### Exercise objective
Print exactly the lines below between the line holding "nat) \<Rightarrow> nat \<Rightarrow> nat" and the line holding "list \<Rightarrow> 'w \<Rightarrow> 's) \<Rightarrow> nat", inclusive, and nothing more.

### Data records

(* In the setting described in the context, suppose sequential ignorability, the overlap condition (with constant $\eta$) and correct specification hold. Then the regret of the estimated DTR $\hat\pi$ satisfies $$R(\hat{\pi}) \leq R_{1}^{\hat{\pi}_{1:T}}(\pi_{1}^{*,B}) + \sum_{t=2}^{T} \frac{2^{t-2}}{\eta^{t-1}} R_{t}^{\hat{\pi}_{t:T}}(\pi_{t}^{*,B}).$$
   Context: Fix $T\ge1$; $\mathcal{A}_t=\{0,\dots,d_t-1\}$; $\underline v_t=(v_1,\dots,v_t)$, $\underline v_{s:t}=(v_s,\dots,v_t)$, $\underline{\mathcal{A}}_t=\mathcal{A}_1\times\cdots\times\mathcal{A}_t$. Potential outcomes $Y_t(\underline a_t)$, potential states $S_t(\underline a_{t-1})$; observed $A_t$, $S_t=S_t(\underline A_{t-1})$, $Y_t=Y_t(\underline A_t)$; potential history $H_t(\underline a_{t-1})=(\underline a_{t-1},S_1,S_2(\underline a_1),\dots,S_t(\underline a_{t-1}))$, observed $H_t=H_t(\underline A_{t-1})$ with support $\mathcal{H}_t$. $e_t(h_t,a_t)=\mathbb{P}(A_t=a_t\mid H_t=h_t)$. Stage-$t$ policies are measurable $\pi_t:\mathcal{H}_t\to\mathcal{A}_t$; DTR $\pi=(\pi_1,\dots,\pi_T)$; class $\Pi=\Pi_1\times\cdots\times\Pi_T$, $\Pi_{s:t}=\Pi_s\times\cdots\times\Pi_t$. Welfare $W(\pi)=\mathbb{E}[\sum_{t}\sum_{\underline a_t}Y_t(\underline a_t)\prod_{s\le t}\mathbf{1}\{\pi_s(H_s(\underline a_{s-1}))=a_s\}]$, regret $R(\pi)=\max_{\tilde\pi\in\Pi}W(\tilde\pi)-W(\pi)$. Policy value: $V_t(\pi_{t:T})=\mathbb{E}[\sum_{s=t}^T\sum_{\underline a_s\in\underline{\mathcal{A}}_s}Y_s(\underline a_s)\mathbf{1}\{\underline A_{t-1}=\underline a_{t-1}\}\prod_{\ell=t}^s\mathbf{1}\{\pi_\ell(H_\ell(\underline a_{\ell-1}))=a_\ell\}]$ (indicator on $\underline A_0$ equal to 1). For $\pi_t\in\Pi_t$: $R_t^{\hat\pi_{t:T}}(\pi_t)=V_t(\pi_t,\hat\pi_{(t+1):T})-V_t(\hat\pi_{t:T})$. Q-functions: $Q_T(h_T,a_T)=\mathbb{E}[Y_T\mid H_T=h_T,A_T=a_T]$; for $t<T$, $Q_t^{\pi_{(t+1):T}}(h_t,a_t)=\mathbb{E}[Y_t+Q_{t+1}^{\pi_{(t+2):T}}(H_{t+1},\pi_{t+1}(H_{t+1}))\mid H_t=h_t,A_t=a_t]$ (with $Q_T^{\pi_{(T+1):T}}=Q_T$). Backward induction: $\pi_T^{*,B}\in\arg\max_{\Pi_T}\mathbb{E}[Q_T(H_T,\pi_T(H_T))]$, $\pi_t^{*,B}\in\arg\max_{\Pi_t}\mathbb{E}[Q_t^{\pi^{*,B}_{(t+1):T}}(H_t,\pi_t(H_t))]$. $\hat\pi=(\hat\pi_1,\dots,\hat\pi_T)\in\Pi$ is the DTR output by the doubly robust backward-induction algorithm (cross-fitted AIPW scores maximized stage by stage from $T$ down to $1$); the inequality concerns this element of $\Pi$. (Sequential ignorability) $\{Y_t(\underline a_t),\dots,Y_T(\underline a_T),S_{t+1}(\underline a_t),\dots,S_T(\underline a_{T-1})\}\perp A_t\mid H_t$ for all $t,\underline a_T$. (Overlap) $\eta\in(0,1)$ with $e_t(h_t,a_t)\ge\eta$ whenever $\pi_t(h_t)=a_t$ for some $\pi_t\in\Pi_t$. (Correct specification) There is $\pi^*_{2:T}\in\Pi_{2:T}$ with $Q_t^{\pi^*_{(t+1):T}}(H_t,\pi^*_t(H_t))\ge\sup_{\pi_t\in\Pi_t}Q_t^{\pi^*_{(t+1):T}}(H_t,\pi_t(H_t))$ a.s., $t=2,\dots,T$. *)

theory Defs
  imports "HOL-Probability.Probability"
begin

text \<open>Stages are indexed by t = 1..T. Actions are natural numbers,
  the stage-t action set is the set of numbers below d t. An action sequence
  (a_1,...,a_t) is a list a of length t with a!(s-1) = a_s. Potential states:
  S t a with a of length t-1 (S 1 []), potential outcomes: Y t a with a of length t. A history is a pair (previous actions, states), the
  states being stored as an extensional function on {1..t}.\<close>

type_synonym 's hist = "nat list \<times> (nat \<Rightarrow> 's)"

definition act_seqs :: "(nat \<Rightarrow> nat) \<Rightarrow> nat \<Rightarrow> nat list set" where
  "act_seqs d t = {a. length a = t \<and> (\<forall>i<t. a ! i < d (Suc i))}"

definition obs_acts :: "(nat \<Rightarrow> 'w \<Rightarrow> nat) \<Rightarrow> nat \<Rightarrow> 'w \<Rightarrow> nat list" where
  "obs_acts A t \<omega> = map (\<lambda>s. A s \<omega>) [1..<Suc t]"

definition pot_hist :: "(nat \<Rightarrow> nat list \<Rightarrow> 'w \<Rightarrow> 's) \<Rightarrow> nat \<Rightarrow> nat list \<Rightarrow> 'w \<Rightarrow> 's hist" where
  "pot_hist S t a \<omega> = (take (t - 1) a, restrict (\<lambda>s. S s (take (s - 1) a) \<omega>) {1..t})"

definition obs_hist :: "(nat \<Rightarrow> nat list \<Rightarrow> 'w \<Rightarrow> 's) \<Rightarrow> (nat \<Rightarrow> 'w \<Rightarrow> nat) \<Rightarrow> nat \<Rightarrow> 'w \<Rightarrow> 's hist" where
  "obs_hist S A t \<omega> = pot_hist S t (obs_acts A (t - 1) \<omega>) \<omega>"

definition hist_space :: "'s measure \<Rightarrow> nat \<Rightarrow> 's hist measure" where
  "hist_space SM t = count_space UNIV \<Otimes>\<^sub>M (\<Pi>\<^sub>M s\<in>{1..t}. SM)"

definition policy_class :: "nat \<Rightarrow> (nat \<Rightarrow> ('s hist \<Rightarrow> nat) set) \<Rightarrow> (nat \<Rightarrow> 's hist \<Rightarrow> nat) set" where
  "policy_class T Pcl = {\<pi>. \<forall>t\<in>{1..T}. \<pi> t \<in> Pcl t}"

### Response to the task
definition act_seqs :: "(nat \<Rightarrow> nat) \<Rightarrow> nat \<Rightarrow> nat list set" where
  "act_seqs d t = {a. length a = t \<and> (\<forall>i<t. a ! i < d (Suc i))}"

definition obs_acts :: "(nat \<Rightarrow> 'w \<Rightarrow> nat) \<Rightarrow> nat \<Rightarrow> 'w \<Rightarrow> nat list" where
  "obs_acts A t \<omega> = map (\<lambda>s. A s \<omega>) [1..<Suc t]"

definition pot_hist :: "(nat \<Rightarrow> nat list \<Rightarrow> 'w \<Rightarrow> 's) \<Rightarrow> nat \<Rightarrow> nat list \<Rightarrow> 'w \<Rightarrow> 's hist" where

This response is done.